Data records: Begin

text \<open>For \<open>t > 0\<close> the sector condition says that the forms \<open>(1 \<mp> \<i>/t) X\<close> have nonnegative
  real part; \<open>form_am_gm\<close> for them, with \<open>q = (1 \<pm> \<i> t) w\<close>, adds up to the claim.\<close>
lemma sector_cauchy_schwarz:
  assumes sector: "\<forall>w. \<bar>Im (qform X w)\<bar> \<le> t * Re (qform X w)" and "0 \<le> t" and "accretive X"
  shows "2 * Re (cinner y (X *v w)) \<le> Re (qform X y) + (1 + t\<^sup>2) * Re (qform X w)"
proof (cases "t = 0")
  case True
  then have real: "Im (qform X v) = 0" for v
    using sector by simp
  have "\<forall>w. 0 \<le> Re (1 * qform X w)" "\<forall>w. 0 \<le> Re (- \<i> * qform X w)"
    using real accretive_Re_qform_nonneg[OF \<open>accretive X\<close>] by simp_all
  note form_am_gm[OF this(1), of y w]
    form_am_gm[OF this(2), of y "\<i> *s w", unfolded matrix_vector_mult_smult cinner_smult_left
      cinner_smult_right qform_smult]
  then show ?thesis
    using real True by simp
next
  case False
  with \<open>0 \<le> t\<close> have "0 < t" by simp
  have "0 \<le> Re ((1 - \<i> / t) * qform X v) \<and> 0 \<le> Re ((1 + \<i> / t) * qform X v)" for v
    using sector[rule_format, of v] \<open>0 < t\<close> by (simp add: field_simps abs_le_iff)
  then have pos_minus: "\<forall>w. 0 \<le> Re ((1 - \<i> / t) * qform X w)"
    and pos_plus: "\<forall>w. 0 \<le> Re ((1 + \<i> / t) * qform X w)"
    by simp_all
  note smult_simps = matrix_vector_mult_smult cinner_smult_left cinner_smult_right qform_smult
  note form_am_gm[OF pos_minus, of y "(1 + \<i> * t) *s w", unfolded smult_simps]
    form_am_gm[OF pos_plus, of y "(1 - \<i> * t) *s w", unfolded smult_simps]
  then have "t ^ 4 * (2 * Re (cinner y (X *v w))) \<le> t ^ 4 * (Re (qform X y) + (1 + t\<^sup>2) * Re (qform X w))"
    using \<open>0 < t\<close> by (simp add: field_simps power2_eq_square eval_nat_numeral)
  then show ?thesis
    using \<open>0 < t\<close> by simp
qed

lemma Re_qform_matrix_inv_hpart_le:
  assumes "accretive X" and sector: "\<forall>w. \<bar>Im (qform X w)\<bar> \<le> t * Re (qform X w)" and "0 \<le> t"
  shows "Re (qform (matrix_inv (hpart X)) z) \<le> (1 + t\<^sup>2) * Re (qform (matrix_inv X) z)"
proof -
  have inv: "invertible X" "invertible (hpart X)"
    using assms(1) by (simp_all add: accretive_imp_invertible accretive_hpart_iff)
  define y where "y = matrix_inv (hpart X) *v z"
  define w where "w = matrix_inv X *v z"
  have "Re (qform (matrix_inv (hpart X)) z) = Re (qform X y)"
    by (simp add: qform_matrix_inv[OF inv(2)] qform_hpart y_def)
  moreover have "Re (qform (matrix_inv (hpart X)) z) = Re (cinner y (X *v w))"
    by (simp add: qform_eq_cinner cinner_commute[of z] w_def y_def matrix_inv_cancel[OF inv(1)])
  moreover have "Re (qform (matrix_inv X) z) = Re (qform X w)"
    by (simp add: qform_matrix_inv[OF inv(1)] w_def)
  ultimately show ?thesis
    using sector_cauchy_schwarz[OF sector \<open>0 \<le> t\<close> \<open>accretive X\<close>, of y w] by simp
qed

Data records: End

What is needed: Find the line that contains "z) = Re (cinner". Repeat it and every line after it, exactly as written, up to and including the last line of the records above.

Answer to this problem:
  moreover have "Re (qform (matrix_inv (hpart X)) z) = Re (cinner y (X *v w))"
    by (simp add: qform_eq_cinner cinner_commute[of z] w_def y_def matrix_inv_cancel[OF inv(1)])
  moreover have "Re (qform (matrix_inv X) z) = Re (qform X w)"
    by (simp add: qform_matrix_inv[OF inv(1)] w_def)
  ultimately show ?thesis
    using sector_cauchy_schwarz[OF sector \<open>0 \<le> t\<close> \<open>accretive X\<close>, of y w] by simp
qed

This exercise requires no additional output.